[[ DATA UNDER STUDY, beginning ]]

lemma op_matrix_form_compressed_block_xx:
  fixes u :: "nat \<Rightarrow> 'h"
  assumes selfadjoint: "\<And>i. i < 2 * n \<Longrightarrow> is_adjoint ip (d i) (d i)"
  defines "w \<equiv> \<lambda>b. d b (u b) + d (b + n) (u (b + n))"
  shows "op_matrix_form ip (2 * n) (\<lambda>i j. d i \<circ> block_xx n x i j \<circ> d j) u u
    = op_matrix_form ip n x w w"
proof -
  let ?f = "op_matrix_form ip n x"
  define v where "v j = d j (u j)" for j
  define g where "g i j = ip (x (i mod n) (j mod n) (v j)) (v i)" for i j
  have "op_matrix_form ip (2 * n) (\<lambda>i j. d i \<circ> block_xx n x i j \<circ> d j) u u
      = (\<Sum>i<2 * n. \<Sum>j<2 * n. g i j)"
    unfolding op_matrix_form_def g_def v_def block_xx_def
    using selfadjoint by (intro sum.cong refl) (simp add: is_adjoint_def)
  also have "\<dots> = (\<Sum>a<n. (\<Sum>b<n. g a b) + (\<Sum>b<n. g a (b + n)))
      + (\<Sum>a<n. (\<Sum>b<n. g (a + n) b) + (\<Sum>b<n. g (a + n) (b + n)))"
    by (simp add: sum_lessThan_double)
  also have "\<dots> = ?f v v + ?f (\<lambda>b. v (b + n)) v + (?f v (\<lambda>b. v (b + n)) + ?f (\<lambda>b. v (b + n)) (\<lambda>b. v (b + n)))"
    unfolding op_matrix_form_def g_def by (simp add: sum.distrib)
  also have "\<dots> = ?f w w"
    unfolding w_def v_def by (simp add: op_matrix_form_add_left op_matrix_form_add_right[OF hs])
  finally show ?thesis .
qed

lemma pos_Hn_compressed_block_xx_iff:
  assumes "is_adjoint ip p p"
  defines "d \<equiv> diag_pq n p (\<lambda>u. u - p u)"
  shows "pos_Hn ip (2 * n) (\<lambda>i j. d i \<circ> block_xx n x i j \<circ> d j) \<longleftrightarrow> pos_Hn ip n x"
proof -
  let ?y = "\<lambda>i j. d i \<circ> block_xx n x i j \<circ> d j"
  have selfadjoint: "is_adjoint ip (d i) (d i)" for i
    using assms is_adjoint_complement[OF hs assms(1)] by (simp add: diag_pq_def)
  have compress: "op_matrix_form ip (2 * n) ?y u u
      = op_matrix_form ip n x (\<lambda>b. p (u b) + (u (b + n) - p (u (b + n))))
                              (\<lambda>b. p (u b) + (u (b + n) - p (u (b + n))))" for u
  proof -
    have "op_matrix_form ip (2 * n) ?y u u
        = op_matrix_form ip n x (\<lambda>b. d b (u b) + d (b + n) (u (b + n))) (\<lambda>b. d b (u b) + d (b + n) (u (b + n)))"
      by (rule op_matrix_form_compressed_block_xx) (rule selfadjoint)
    also have "\<dots> = op_matrix_form ip n x (\<lambda>b. p (u b) + (u (b + n) - p (u (b + n))))
                              (\<lambda>b. p (u b) + (u (b + n) - p (u (b + n))))"
      by (rule op_matrix_form_cong) (simp_all add: d_def diag_pq_def)
    finally show ?thesis .
  qed
  have lift: "op_matrix_form ip n x v v = op_matrix_form ip (2 * n) ?y (\<lambda>i. v (i mod n)) (\<lambda>i. v (i mod n))"
    for v
    unfolding compress by (rule op_matrix_form_cong) simp_all
  show ?thesis
    unfolding pos_Hn_iff_op_matrix_form_nonneg[OF hs]
  proof
    assume "\<forall>u. 0 \<le> op_matrix_form ip (2 * n) ?y u u"
    then show "\<forall>v. 0 \<le> op_matrix_form ip n x v v"
      unfolding lift by blast
  next
    assume "\<forall>v. 0 \<le> op_matrix_form ip n x v v"
    then show "\<forall>u. 0 \<le> op_matrix_form ip (2 * n) ?y u u"
      unfolding compress by blast
  qed
qed

end

theorem theorem5p3:
  fixes sc :: "complex \<Rightarrow> 'h::ab_group_add \<Rightarrow> 'h"
    and ip :: "'h \<Rightarrow> 'h \<Rightarrow> complex"
    and V :: "('h \<Rightarrow> 'h) set"
    and p :: "'h \<Rightarrow> 'h"
    and n :: nat
    and x :: "nat \<Rightarrow> nat \<Rightarrow> ('h \<Rightarrow> 'h)"
  assumes "hilbert_space sc ip"
    and "operator_system sc ip V"
    and "p \<in> V"
    and "is_projection sc ip p"
    and "in_Mn V n x"
  shows "cone_C ip V n x \<longleftrightarrow>
         cone_CP ip V (2 * n) (diag_pq n p (\<lambda>u. u - p u)) (block_xx n x)"
proof -
  have bounded: "\<And>i j. i < n \<Longrightarrow> j < n \<Longrightarrow> bounded_op sc ip (x i j)"
    using assms(2,5) unfolding operator_system_def in_Mn_def by blast
  have "is_adjoint ip p p"
    using assms(4) unfolding is_projection_def by blast
  with assms(1) bounded
  have "pos_Hn ip (2 * n) (\<lambda>i j. diag_pq n p (\<lambda>u. u - p u) i \<circ> block_xx n x i j \<circ> diag_pq n p (\<lambda>u. u - p u) j)
      \<longleftrightarrow> pos_Hn ip n x"
    by (rule pos_Hn_compressed_block_xx_iff)
  moreover have "pos_Hn ip n x \<Longrightarrow> selfadj_Mn ip (2 * n) (block_xx n x)"
    using assms(1) bounded by (intro selfadj_Mn_block_xx pos_Hn_imp_selfadj_Mn)
  ultimately show ?thesis
    unfolding cone_C_def cone_CP_def using assms(5) in_Mn_block_xx by blast
qed

end
definition perm_transposing ::
    "((('a, 'n::{finite,zero}) vec, 'n) vec \<Rightarrow> (('a, 'n) vec, 'n) vec option) \<Rightarrow> bool" where
  "perm_transposing f \<longleftrightarrow> (\<forall>p q A. zero_fixing_perm p \<longrightarrow> zero_fixing_perm q \<longrightarrow>
     f (permute_mat p q A) = map_option (permute_mat q p) (f A))"

lemma perm_equivariant_Some: "perm_equivariant Some"
  by (simp add: perm_equivariant_def)

lemma perm_equivariant_map_comp:
  "perm_equivariant f \<Longrightarrow> perm_equivariant g \<Longrightarrow> perm_equivariant (f \<circ>\<^sub>m g)"
  unfolding perm_equivariant_def map_comp_def by (auto split: option.split)

lemma perm_equivariant_map_comp_transposing:
  "perm_transposing f \<Longrightarrow> perm_transposing g \<Longrightarrow> perm_equivariant (f \<circ>\<^sub>m g)"
  unfolding perm_equivariant_def perm_transposing_def map_comp_def by (auto split: option.split)

lemma perm_transposing_map_comp:
  "perm_transposing f \<Longrightarrow> perm_equivariant g \<Longrightarrow> perm_transposing (f \<circ>\<^sub>m g)"
  unfolding perm_equivariant_def perm_transposing_def map_comp_def by (auto split: option.split)

lemma perm_equivariant_dom:
  "perm_equivariant f \<Longrightarrow> zero_fixing_perm p \<Longrightarrow> zero_fixing_perm q \<Longrightarrow>
    permute_mat p q A \<in> dom f \<longleftrightarrow> A \<in> dom f"
  unfolding perm_equivariant_def by auto

lemma mpow_closed:
  assumes "P Some" "\<And>h. P h \<Longrightarrow> P (f \<circ>\<^sub>m h)" "\<And>h. P h \<Longrightarrow> P (g \<circ>\<^sub>m h)"
  shows "P (mpow f g k)"
proof -
  have "P (((\<lambda>h. u \<circ>\<^sub>m h) ^^ n) Some)" if "\<And>h. P h \<Longrightarrow> P (u \<circ>\<^sub>m h)" for u n
    by (induction n) (simp_all add: assms(1) that)
  then show ?thesis using assms(2,3) by (simp add: mpow_def)
qed

lemma allunits_permute_mat:
  "bij p \<Longrightarrow> bij q \<Longrightarrow> allunits (permute_mat p q A) \<longleftrightarrow> allunits A"
  unfolding allunits_def by (metis bij_is_surj permute_mat_nth surj_f_inv_f)

lemma hatM_permute_mat:
  "zero_fixing_perm p \<Longrightarrow> zero_fixing_perm q \<Longrightarrow> hatM (permute_mat p q A) \<longleftrightarrow> hatM A"
  unfolding hatM_def zero_fixing_perm_def by (metis bij_is_surj permute_mat_nth surj_f_inv_f)

lemma LamL_permute_mat:
  "zero_fixing_perm p \<Longrightarrow> zero_fixing_perm q \<Longrightarrow> LamL (permute_mat p q A) = permute_mat p q (LamL A)"
  unfolding zero_fixing_perm_def LamL_def by (simp add: vec_eq_iff)

lemma LamR_permute_mat:
  "zero_fixing_perm p \<Longrightarrow> zero_fixing_perm q \<Longrightarrow> LamR (permute_mat p q A) = permute_mat p q (LamR A)"
  unfolding zero_fixing_perm_def LamR_def by (simp add: vec_eq_iff)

[[ DATA UNDER STUDY, end ]]

◆ ASSIGNMENT:
Lines from the first one above through the line containing "define g where" are to be retyped exactly, both included, and nothing more.

◆ RESPONSE:
lemma op_matrix_form_compressed_block_xx:
  fixes u :: "nat \<Rightarrow> 'h"
  assumes selfadjoint: "\<And>i. i < 2 * n \<Longrightarrow> is_adjoint ip (d i) (d i)"
  defines "w \<equiv> \<lambda>b. d b (u b) + d (b + n) (u (b + n))"
  shows "op_matrix_form ip (2 * n) (\<lambda>i j. d i \<circ> block_xx n x i j \<circ> d j) u u
    = op_matrix_form ip n x w w"
proof -
  let ?f = "op_matrix_form ip n x"
  define v where "v j = d j (u j)" for j
  define g where "g i j = ip (x (i mod n) (j mod n) (v j)) (v i)" for i j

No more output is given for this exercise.